§ Work order:
Some lines in the data below hold the string "longleftrightarrow". Report how many, as a bare number.

Source records
[Start of section]

lemma incidence_other_end:
  assumes G: "simple_graph_incidence m n M" and "j < n" "w < m" "M w j = 1"
  obtains w' where "w' < m" "w' \<noteq> w" "\<forall>u<m. M u j = (if u = w \<or> u = w' then 1 else 0)"
proof -
  have "card {i. i < m \<and> M i j = 1} = 2"
    using G \<open>j < n\<close> unfolding simple_graph_incidence_def by blast
  then obtain x y where xy: "{i. i < m \<and> M i j = 1} = {x, y}" "x \<noteq> y"
    by (auto simp: card_2_iff)
  moreover have "w \<in> {i. i < m \<and> M i j = 1}" using \<open>w < m\<close> \<open>M w j = 1\<close> by simp
  ultimately obtain w' where ends: "{i. i < m \<and> M i j = 1} = {w, w'}" "w' \<noteq> w"
    by (metis insertE insert_commute singletonD)
  then have "w' < m" by blast
  moreover have "M u j = (if u = w \<or> u = w' then 1 else 0)" if "u < m" for u
  proof -
    have "M u j = 1 \<longleftrightarrow> u = w \<or> u = w'" using ends(1) that by blast
    then show ?thesis using incidence_01[OF G that \<open>j < n\<close>] by auto
  qed
  ultimately show ?thesis using that ends(2) by blast
qed

lemma degree_mono:
  assumes "simple_graph_incidence m n M" "u < m" "\<forall>j<n. x j \<le> y j"
  shows "degree n M x u \<le> degree n M y u"
  unfolding degree_def
proof (rule sum_mono)
  fix j assume "j \<in> {..<n}"
  then show "M u j * x j \<le> M u j * y j" using incidence_01[OF assms(1,2), of j] assms(3) by auto
qed

lemma degree_diff: "degree n M (\<lambda>j. x j - y j) u = degree n M x u - degree n M y u"
  by (simp add: degree_def right_diff_distrib sum_subtractf)

lemma degree_add: "degree n M (\<lambda>j. x j + y j) u = degree n M x u + degree n M y u"
  by (simp add: degree_def distrib_left sum.distrib)

lemma degree_add_edge:
  assumes "j < n"
  shows "degree n M (x(j := x j + 1)) u = degree n M x u + M u j"
proof -
  have "degree n M (x(j := x j + 1)) u = (\<Sum>i<n. M u i * x i + (if i = j then M u j else 0))"
    unfolding degree_def by (rule sum.cong) (auto simp: algebra_simps)
  then show ?thesis using assms by (simp add: sum.distrib degree_def)
qed

lemma unused_edge:
  assumes G: "simple_graph_incidence m n M" and "u < m" "\<forall>j<n. x j \<le> y j"
    and "degree n M x u < degree n M y u"
  obtains j where "j < n" "M u j = 1" "x j < y j"
proof -
  have "\<exists>j<n. M u j = 1 \<and> x j < y j"
  proof (rule ccontr)
    assume "\<not> ?thesis"
    then have "M u j * x j = M u j * y j" if "j < n" for j
      using incidence_01[OF G \<open>u < m\<close> that] assms(3) that by (auto simp: order_less_le)
    then have "degree n M x u = degree n M y u" unfolding degree_def by (intro sum.cong) auto
    then show False using assms(4) by simp
  qed
  then show ?thesis using that by blast
qed

lemma entry_le_degree:
  assumes G: "simple_graph_incidence m n M" and "j < n" "w < m" "M w j = 1" "\<forall>i<n. 0 \<le> x i"
  shows "x j \<le> degree n M x w"
proof -
  have "M w j * x j \<le> (\<Sum>i<n. M w i * x i)"
  proof (rule member_le_sum)
    fix i assume "i \<in> {..<n} - {j}"
    then show "0 \<le> M w i * x i" using incidence_01[OF G \<open>w < m\<close>, of i] assms(5) by auto
  qed (use \<open>j < n\<close> in auto)
  then show ?thesis using assms(4) by (simp add: degree_def)
qed

lemma degree_cong: "(\<And>j. j < n \<Longrightarrow> x j = y j) \<Longrightarrow> degree n M x u = degree n M y u"
  unfolding degree_def by (intro sum.cong) auto

section \<open>Alternating walks\<close>

definition between0 :: "int \<Rightarrow> int \<Rightarrow> bool" where
  "between0 d x \<longleftrightarrow> (0 \<le> x \<and> x \<le> d) \<or> (d \<le> x \<and> x \<le> 0)"

definition open_ends :: "nat \<Rightarrow> nat \<Rightarrow> int \<Rightarrow> nat \<Rightarrow> int" where
  "open_ends v w \<sigma> u = (if u = w then \<sigma> else 0) + (if u = v then 1 else 0)"

(* The walk starts at v with an edge of a, has used the edges A of a and B of b so far and is
   now at w, having arrived along an edge of a (sigma = 1) or of b (sigma = -1).  With
   f = deg A - deg B and d = deg a - deg b, removing the open ends of the walk from f leaves a
   function that is even, vanishes at v and lies between 0 and d elsewhere.  The walk is finished
   when w = v and sigma = 1. *)
definition walk_inv :: "nat \<Rightarrow> (nat \<Rightarrow> int) \<Rightarrow> nat \<Rightarrow> (nat \<Rightarrow> int) \<Rightarrow> nat \<Rightarrow> int \<Rightarrow> bool" where
  "walk_inv m d v f w \<sigma> \<longleftrightarrow> w < m \<and> (\<sigma> = 1 \<or> \<sigma> = -1) \<and>
     (\<forall>u<m. even (f u - open_ends v w \<sigma> u) \<and>
        (if u = v then f u - open_ends v w \<sigma> u = 0 else between0 (d u) (f u - open_ends v w \<sigma> u)))"

lemma walk_inv_start: "v < m \<Longrightarrow> walk_inv m d v (\<lambda>_. 0) v (-1)"
  by (auto simp: walk_inv_def open_ends_def between0_def)

lemma walk_inv_final:
  assumes "walk_inv m d v f v 1" and "u < m"
  shows "even (f u)" and "u = v \<Longrightarrow> f u = 2" and "u \<noteq> v \<Longrightarrow> between0 (d u) (f u)"
  using assms by (auto simp: walk_inv_def open_ends_def split: if_splits)

lemma walk_inv_step:
  assumes inv: "walk_inv m d v f w \<sigma>" and "w' < m" "w' \<noteq> w" and "s = 1 \<or> s = -1"
    and turn: "s = - \<sigma> \<or> (s = \<sigma> \<and> w \<noteq> v \<and> between0 (d w) (f w + \<sigma>))"
    and f': "\<forall>u<m. f' u = f u + s * ((if u = w then 1 else 0) + (if u = w' then 1 else 0))"
  shows "walk_inv m d v f' w' s"
proof -
  have shift: "f' u - open_ends v w' s u = f u - open_ends v w \<sigma> u + (if u = w then \<sigma> + s else 0)"
    if "u < m" for u
    using f' that \<open>w' \<noteq> w\<close> by (auto simp: open_ends_def)
  have "even (f' u - open_ends v w' s u) \<and>
    (if u = v then f' u - open_ends v w' s u = 0 else between0 (d u) (f' u - open_ends v w' s u))"
    if u: "u < m" for u
  proof -
    have old: "even (f u - open_ends v w \<sigma> u) \<and>
      (if u = v then f u - open_ends v w \<sigma> u = 0 else between0 (d u) (f u - open_ends v w \<sigma> u))"
      using inv u unfolding walk_inv_def by blast
    show ?thesis
    proof (cases "s = - \<sigma> \<or> u \<noteq> w")
      case True
      then have "f' u - open_ends v w' s u = f u - open_ends v w \<sigma> u" using shift[OF u] by auto
      then show ?thesis using old by presburger
    next
      case False
      then have "u = w" "w \<noteq> v" "between0 (d w) (f w + \<sigma>)" using turn by auto
      moreover have "f' u - open_ends v w' s u = f w + \<sigma>"
        using shift[OF u] False \<open>u = w\<close> \<open>w \<noteq> v\<close> turn by (auto simp: open_ends_def)
      moreover have "even (f w - \<sigma>)" using old \<open>u = w\<close> \<open>w \<noteq> v\<close> by (simp add: open_ends_def)
      ultimately show ?thesis by simp
    qed
  qed
  then show ?thesis using inv \<open>w' < m\<close> \<open>s = 1 \<or> s = -1\<close> by (simp add: walk_inv_def)
qed

(* r counts the unused edges of colour sigma at w; by parity it is odd, hence positive. *)
lemma between0_forced_turn:
  fixes d f \<sigma> r :: int
  assumes "between0 d (f - \<sigma>)" "even d" "even (f - \<sigma>)" "\<sigma> = 1 \<or> \<sigma> = -1"
    and "\<sigma> * (d - f) = r" "0 \<le> r"
  shows "0 < r" and "between0 d (f + \<sigma>)"
  using assms unfolding between0_def by presburger+

lemma walk_forced_turn:
  assumes G: "simple_graph_incidence m n M"
    and bounds: "\<forall>j<n. 0 \<le> A j \<and> A j \<le> a j \<and> 0 \<le> B j \<and> B j \<le> b j"
    and d: "\<forall>u<m. d u = degree n M a u - degree n M b u" and d_even: "\<forall>u<m. even (d u)"
    and inv: "walk_inv m d v (\<lambda>u. degree n M A u - degree n M B u) w \<sigma>" and "w \<noteq> v"
    and saturated: "if \<sigma> = 1 then degree n M B w = degree n M b w else degree n M A w = degree n M a w"
  shows "between0 (d w) (degree n M A w - degree n M B w + \<sigma>)"
    and "if \<sigma> = 1 then degree n M A w < degree n M a w else degree n M B w < degree n M b w"
proof -
  define f where "f = degree n M A w - degree n M B w"
  define r where "r = (if \<sigma> = 1 then degree n M a w - degree n M A w else degree n M b w - degree n M B w)"
  have "w < m" and \<sigma>: "\<sigma> = 1 \<or> \<sigma> = -1" using inv by (auto simp: walk_inv_def)
  then have "even (f - \<sigma>)" "between0 (d w) (f - \<sigma>)"
    using inv \<open>w \<noteq> v\<close> unfolding walk_inv_def f_def by (auto simp: open_ends_def)
  moreover have "0 \<le> r" using degree_mono[OF G \<open>w < m\<close>] bounds by (auto simp: r_def)
  moreover have "\<sigma> * (d w - f) = r" using \<sigma> saturated d \<open>w < m\<close> by (auto simp: r_def f_def)
  ultimately have "0 < r" "between0 (d w) (f + \<sigma>)"
    using between0_forced_turn[of "d w" f \<sigma> r] d_even \<open>w < m\<close> \<sigma> by auto
  then show "between0 (d w) (degree n M A w - degree n M B w + \<sigma>)"
    and "if \<sigma> = 1 then degree n M A w < degree n M a w else degree n M B w < degree n M b w"
    by (auto simp: f_def r_def)
qed

lemma walk_continues:
  assumes G: "simple_graph_incidence m n M"
    and bounds: "\<forall>j<n. 0 \<le> A j \<and> A j \<le> a j \<and> 0 \<le> B j \<and> B j \<le> b j"
    and d: "\<forall>u<m. d u = degree n M a u - degree n M b u" and d_even: "\<forall>u<m. even (d u)" and "2 \<le> d v"
    and inv: "walk_inv m d v (\<lambda>u. degree n M A u - degree n M B u) w \<sigma>" and not_final: "\<not> (w = v \<and> \<sigma> = 1)"
  obtains s j where "s = - \<sigma> \<or> (s = \<sigma> \<and> w \<noteq> v \<and> between0 (d w) (degree n M A w - degree n M B w + \<sigma>))"
    and "j < n" "M w j = 1" "if s = 1 then A j < a j else B j < b j"
proof -
  have "w < m" and \<sigma>: "\<sigma> = 1 \<or> \<sigma> = -1" using inv by (auto simp: walk_inv_def)
  have A_le: "\<forall>j<n. A j \<le> a j" and B_le: "\<forall>j<n. B j \<le> b j" using bounds by auto
  note mono = degree_mono[OF G \<open>w < m\<close>]
  show ?thesis
  proof (cases "if \<sigma> = 1 then degree n M B w < degree n M b w else degree n M A w < degree n M a w")
    case True
    then show ?thesis
      using \<sigma> unused_edge[OF G \<open>w < m\<close> A_le] unused_edge[OF G \<open>w < m\<close> B_le] that[of "- \<sigma>"]
      by (auto split: if_splits)
  next
    case False
    then have saturated: "if \<sigma> = 1 then degree n M B w = degree n M b w else degree n M A w = degree n M a w"
      using mono[OF A_le] mono[OF B_le] by (auto split: if_splits)
    have "w \<noteq> v"
    proof
      assume "w = v"
      then have "\<sigma> = -1" using not_final \<sigma> by blast
      then have "degree n M A v - degree n M B v = 0"
        using inv \<open>w = v\<close> \<open>w < m\<close> unfolding walk_inv_def by (auto simp: open_ends_def)
      then show False
        using saturated \<open>\<sigma> = -1\<close> \<open>w = v\<close> d mono[OF B_le] \<open>2 \<le> d v\<close> \<open>w < m\<close> by auto
    qed
    from walk_forced_turn[OF G bounds d d_even inv \<open>w \<noteq> v\<close> saturated] show ?thesis
      using \<sigma> \<open>w \<noteq> v\<close> unused_edge[OF G \<open>w < m\<close> A_le] unused_edge[OF G \<open>w < m\<close> B_le] that[of \<sigma>]
      by (auto split: if_splits)
  qed
qed

lemma walk_extend:
  assumes G: "simple_graph_incidence m n M"
    and bounds: "\<forall>j<n. 0 \<le> A j \<and> A j \<le> a j \<and> 0 \<le> B j \<and> B j \<le> b j"
    and inv: "walk_inv m d v (\<lambda>u. degree n M A u - degree n M B u) w \<sigma>"
    and turn: "s = - \<sigma> \<or> (s = \<sigma> \<and> w \<noteq> v \<and> between0 (d w) (degree n M A w - degree n M B w + \<sigma>))"
    and "j < n" "M w j = 1" and unused: "if s = 1 then A j < a j else B j < b j"
  obtains A' B' w' where "\<forall>i<n. 0 \<le> A' i \<and> A' i \<le> a i \<and> 0 \<le> B' i \<and> B' i \<le> b i"
    "walk_inv m d v (\<lambda>u. degree n M A' u - degree n M B' u) w' s"
    "(\<Sum>i<n. (a i - A' i) + (b i - B' i)) = (\<Sum>i<n. (a i - A i) + (b i - B i)) - 1"
proof -
  have "w < m" and "\<sigma> = 1 \<or> \<sigma> = -1" using inv by (auto simp: walk_inv_def)
  then have s: "s = 1 \<or> s = -1" using turn by auto
  obtain w' where w': "w' < m" "w' \<noteq> w" and col: "\<forall>u<m. M u j = (if u = w \<or> u = w' then 1 else 0)"
    using incidence_other_end[OF G \<open>j < n\<close> \<open>w < m\<close> \<open>M w j = 1\<close>] by blast
  define A' where "A' = (if s = 1 then A(j := A j + 1) else A)"
  define B' where "B' = (if s = 1 then B else B(j := B j + 1))"
  have "\<forall>i<n. 0 \<le> A' i \<and> A' i \<le> a i \<and> 0 \<le> B' i \<and> B' i \<le> b i"
    using bounds unused by (cases "s = 1") (auto simp: A'_def B'_def)
  moreover have "\<forall>u<m. degree n M A' u - degree n M B' u =
      degree n M A u - degree n M B u + s * ((if u = w then 1 else 0) + (if u = w' then 1 else 0))"
  proof (intro allI impI)
    fix u assume "u < m"
    then have "M u j = (if u = w then 1 else 0) + (if u = w' then 1 else 0)" using col \<open>w' \<noteq> w\<close> by auto
    then show "degree n M A' u - degree n M B' u =
      degree n M A u - degree n M B u + s * ((if u = w then 1 else 0) + (if u = w' then 1 else 0))"
      using s by (cases "s = 1") (simp_all add: A'_def B'_def degree_add_edge[OF \<open>j < n\<close>])
  qed
  note walk_inv_step[OF inv w' s turn this]
  moreover have "(\<Sum>i<n. (a i - A' i) + (b i - B' i)) = (\<Sum>i<n. (a i - A i) + (b i - B i)) - 1"
  proof -
    have "(\<Sum>i<n. (a i - A' i) + (b i - B' i)) = (\<Sum>i<n. (a i - A i) + (b i - B i) - (if i = j then 1 else 0))"
      by (cases "s = 1") (auto simp: A'_def B'_def intro: sum.cong)
    then show ?thesis using \<open>j < n\<close> by (simp add: sum_subtractf)
  qed
  ultimately show ?thesis using that by blast
qed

[End of section]

§ Solution for this problem:
3